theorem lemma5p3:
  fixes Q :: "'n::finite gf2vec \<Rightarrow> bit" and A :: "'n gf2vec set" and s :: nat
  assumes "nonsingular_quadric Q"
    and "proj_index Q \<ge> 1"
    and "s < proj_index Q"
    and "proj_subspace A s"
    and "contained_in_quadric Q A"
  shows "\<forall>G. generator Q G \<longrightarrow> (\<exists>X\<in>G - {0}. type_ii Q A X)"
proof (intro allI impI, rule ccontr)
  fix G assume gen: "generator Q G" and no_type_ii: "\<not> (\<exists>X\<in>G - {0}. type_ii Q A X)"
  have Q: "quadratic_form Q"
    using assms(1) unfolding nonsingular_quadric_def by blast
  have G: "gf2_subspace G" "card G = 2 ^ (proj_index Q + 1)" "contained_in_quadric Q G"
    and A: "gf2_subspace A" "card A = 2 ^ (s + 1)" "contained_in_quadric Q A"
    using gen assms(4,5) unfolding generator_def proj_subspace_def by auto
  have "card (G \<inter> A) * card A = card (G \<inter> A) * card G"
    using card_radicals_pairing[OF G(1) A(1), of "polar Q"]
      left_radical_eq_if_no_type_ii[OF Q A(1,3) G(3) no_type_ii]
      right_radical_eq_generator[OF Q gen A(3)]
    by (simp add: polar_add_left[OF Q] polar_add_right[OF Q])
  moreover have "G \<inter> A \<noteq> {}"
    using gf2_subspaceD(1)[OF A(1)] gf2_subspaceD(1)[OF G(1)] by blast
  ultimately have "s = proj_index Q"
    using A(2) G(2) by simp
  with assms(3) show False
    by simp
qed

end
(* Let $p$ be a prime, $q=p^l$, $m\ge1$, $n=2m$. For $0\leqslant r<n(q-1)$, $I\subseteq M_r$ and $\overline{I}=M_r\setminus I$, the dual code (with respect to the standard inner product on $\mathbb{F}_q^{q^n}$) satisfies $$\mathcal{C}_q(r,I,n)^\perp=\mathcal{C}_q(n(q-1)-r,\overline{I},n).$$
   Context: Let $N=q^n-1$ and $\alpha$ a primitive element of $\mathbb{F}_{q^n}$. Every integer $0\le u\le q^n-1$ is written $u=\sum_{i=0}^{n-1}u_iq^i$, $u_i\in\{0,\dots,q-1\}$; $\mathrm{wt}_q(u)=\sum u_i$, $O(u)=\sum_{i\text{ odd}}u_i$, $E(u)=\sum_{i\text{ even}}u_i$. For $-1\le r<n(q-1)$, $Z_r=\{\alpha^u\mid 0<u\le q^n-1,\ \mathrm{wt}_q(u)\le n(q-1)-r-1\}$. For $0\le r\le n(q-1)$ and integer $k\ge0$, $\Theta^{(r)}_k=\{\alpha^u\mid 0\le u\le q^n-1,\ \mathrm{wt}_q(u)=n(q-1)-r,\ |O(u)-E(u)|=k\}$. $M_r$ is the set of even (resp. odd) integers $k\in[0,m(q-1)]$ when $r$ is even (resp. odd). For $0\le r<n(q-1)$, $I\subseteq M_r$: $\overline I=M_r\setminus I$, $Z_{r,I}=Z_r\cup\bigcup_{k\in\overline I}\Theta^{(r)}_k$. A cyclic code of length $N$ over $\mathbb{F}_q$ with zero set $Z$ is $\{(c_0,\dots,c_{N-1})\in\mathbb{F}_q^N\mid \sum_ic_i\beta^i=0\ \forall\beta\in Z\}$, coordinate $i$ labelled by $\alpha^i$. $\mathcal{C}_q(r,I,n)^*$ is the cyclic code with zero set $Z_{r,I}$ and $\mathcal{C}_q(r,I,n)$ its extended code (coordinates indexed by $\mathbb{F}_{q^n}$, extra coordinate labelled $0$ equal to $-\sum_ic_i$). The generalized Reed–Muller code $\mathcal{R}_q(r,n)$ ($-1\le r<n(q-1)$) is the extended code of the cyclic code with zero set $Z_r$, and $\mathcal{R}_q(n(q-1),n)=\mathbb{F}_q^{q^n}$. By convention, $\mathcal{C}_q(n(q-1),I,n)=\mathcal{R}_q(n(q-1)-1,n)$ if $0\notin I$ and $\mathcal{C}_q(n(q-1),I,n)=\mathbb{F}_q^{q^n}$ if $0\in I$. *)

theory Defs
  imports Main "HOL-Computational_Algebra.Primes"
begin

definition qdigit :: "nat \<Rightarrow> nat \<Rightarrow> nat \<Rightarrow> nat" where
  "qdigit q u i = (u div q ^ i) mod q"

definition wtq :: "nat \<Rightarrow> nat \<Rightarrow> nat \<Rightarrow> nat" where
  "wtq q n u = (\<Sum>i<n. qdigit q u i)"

+---+

**Instructions for the task:**
Please set down each of the entries above exactly as given.

**Reply to the task:**
theorem lemma5p3:
  fixes Q :: "'n::finite gf2vec \<Rightarrow> bit" and A :: "'n gf2vec set" and s :: nat
  assumes "nonsingular_quadric Q"
    and "proj_index Q \<ge> 1"
    and "s < proj_index Q"
    and "proj_subspace A s"
    and "contained_in_quadric Q A"
  shows "\<forall>G. generator Q G \<longrightarrow> (\<exists>X\<in>G - {0}. type_ii Q A X)"
proof (intro allI impI, rule ccontr)
  fix G assume gen: "generator Q G" and no_type_ii: "\<not> (\<exists>X\<in>G - {0}. type_ii Q A X)"
  have Q: "quadratic_form Q"
    using assms(1) unfolding nonsingular_quadric_def by blast
  have G: "gf2_subspace G" "card G = 2 ^ (proj_index Q + 1)" "contained_in_quadric Q G"
    and A: "gf2_subspace A" "card A = 2 ^ (s + 1)" "contained_in_quadric Q A"
    using gen assms(4,5) unfolding generator_def proj_subspace_def by auto
  have "card (G \<inter> A) * card A = card (G \<inter> A) * card G"
    using card_radicals_pairing[OF G(1) A(1), of "polar Q"]
      left_radical_eq_if_no_type_ii[OF Q A(1,3) G(3) no_type_ii]
      right_radical_eq_generator[OF Q gen A(3)]
    by (simp add: polar_add_left[OF Q] polar_add_right[OF Q])
  moreover have "G \<inter> A \<noteq> {}"
    using gf2_subspaceD(1)[OF A(1)] gf2_subspaceD(1)[OF G(1)] by blast
  ultimately have "s = proj_index Q"
    using A(2) G(2) by simp
  with assms(3) show False
    by simp
qed

end
(* Let $p$ be a prime, $q=p^l$, $m\ge1$, $n=2m$. For $0\leqslant r<n(q-1)$, $I\subseteq M_r$ and $\overline{I}=M_r\setminus I$, the dual code (with respect to the standard inner product on $\mathbb{F}_q^{q^n}$) satisfies $$\mathcal{C}_q(r,I,n)^\perp=\mathcal{C}_q(n(q-1)-r,\overline{I},n).$$
   Context: Let $N=q^n-1$ and $\alpha$ a primitive element of $\mathbb{F}_{q^n}$. Every integer $0\le u\le q^n-1$ is written $u=\sum_{i=0}^{n-1}u_iq^i$, $u_i\in\{0,\dots,q-1\}$; $\mathrm{wt}_q(u)=\sum u_i$, $O(u)=\sum_{i\text{ odd}}u_i$, $E(u)=\sum_{i\text{ even}}u_i$. For $-1\le r<n(q-1)$, $Z_r=\{\alpha^u\mid 0<u\le q^n-1,\ \mathrm{wt}_q(u)\le n(q-1)-r-1\}$. For $0\le r\le n(q-1)$ and integer $k\ge0$, $\Theta^{(r)}_k=\{\alpha^u\mid 0\le u\le q^n-1,\ \mathrm{wt}_q(u)=n(q-1)-r,\ |O(u)-E(u)|=k\}$. $M_r$ is the set of even (resp. odd) integers $k\in[0,m(q-1)]$ when $r$ is even (resp. odd). For $0\le r<n(q-1)$, $I\subseteq M_r$: $\overline I=M_r\setminus I$, $Z_{r,I}=Z_r\cup\bigcup_{k\in\overline I}\Theta^{(r)}_k$. A cyclic code of length $N$ over $\mathbb{F}_q$ with zero set $Z$ is $\{(c_0,\dots,c_{N-1})\in\mathbb{F}_q^N\mid \sum_ic_i\beta^i=0\ \forall\beta\in Z\}$, coordinate $i$ labelled by $\alpha^i$. $\mathcal{C}_q(r,I,n)^*$ is the cyclic code with zero set $Z_{r,I}$ and $\mathcal{C}_q(r,I,n)$ its extended code (coordinates indexed by $\mathbb{F}_{q^n}$, extra coordinate labelled $0$ equal to $-\sum_ic_i$). The generalized Reed–Muller code $\mathcal{R}_q(r,n)$ ($-1\le r<n(q-1)$) is the extended code of the cyclic code with zero set $Z_r$, and $\mathcal{R}_q(n(q-1),n)=\mathbb{F}_q^{q^n}$. By convention, $\mathcal{C}_q(n(q-1),I,n)=\mathcal{R}_q(n(q-1)-1,n)$ if $0\notin I$ and $\mathcal{C}_q(n(q-1),I,n)=\mathbb{F}_q^{q^n}$ if $0\in I$. *)

theory Defs
  imports Main "HOL-Computational_Algebra.Primes"
begin

definition qdigit :: "nat \<Rightarrow> nat \<Rightarrow> nat \<Rightarrow> nat" where
  "qdigit q u i = (u div q ^ i) mod q"

definition wtq :: "nat \<Rightarrow> nat \<Rightarrow> nat \<Rightarrow> nat" where
  "wtq q n u = (\<Sum>i<n. qdigit q u i)"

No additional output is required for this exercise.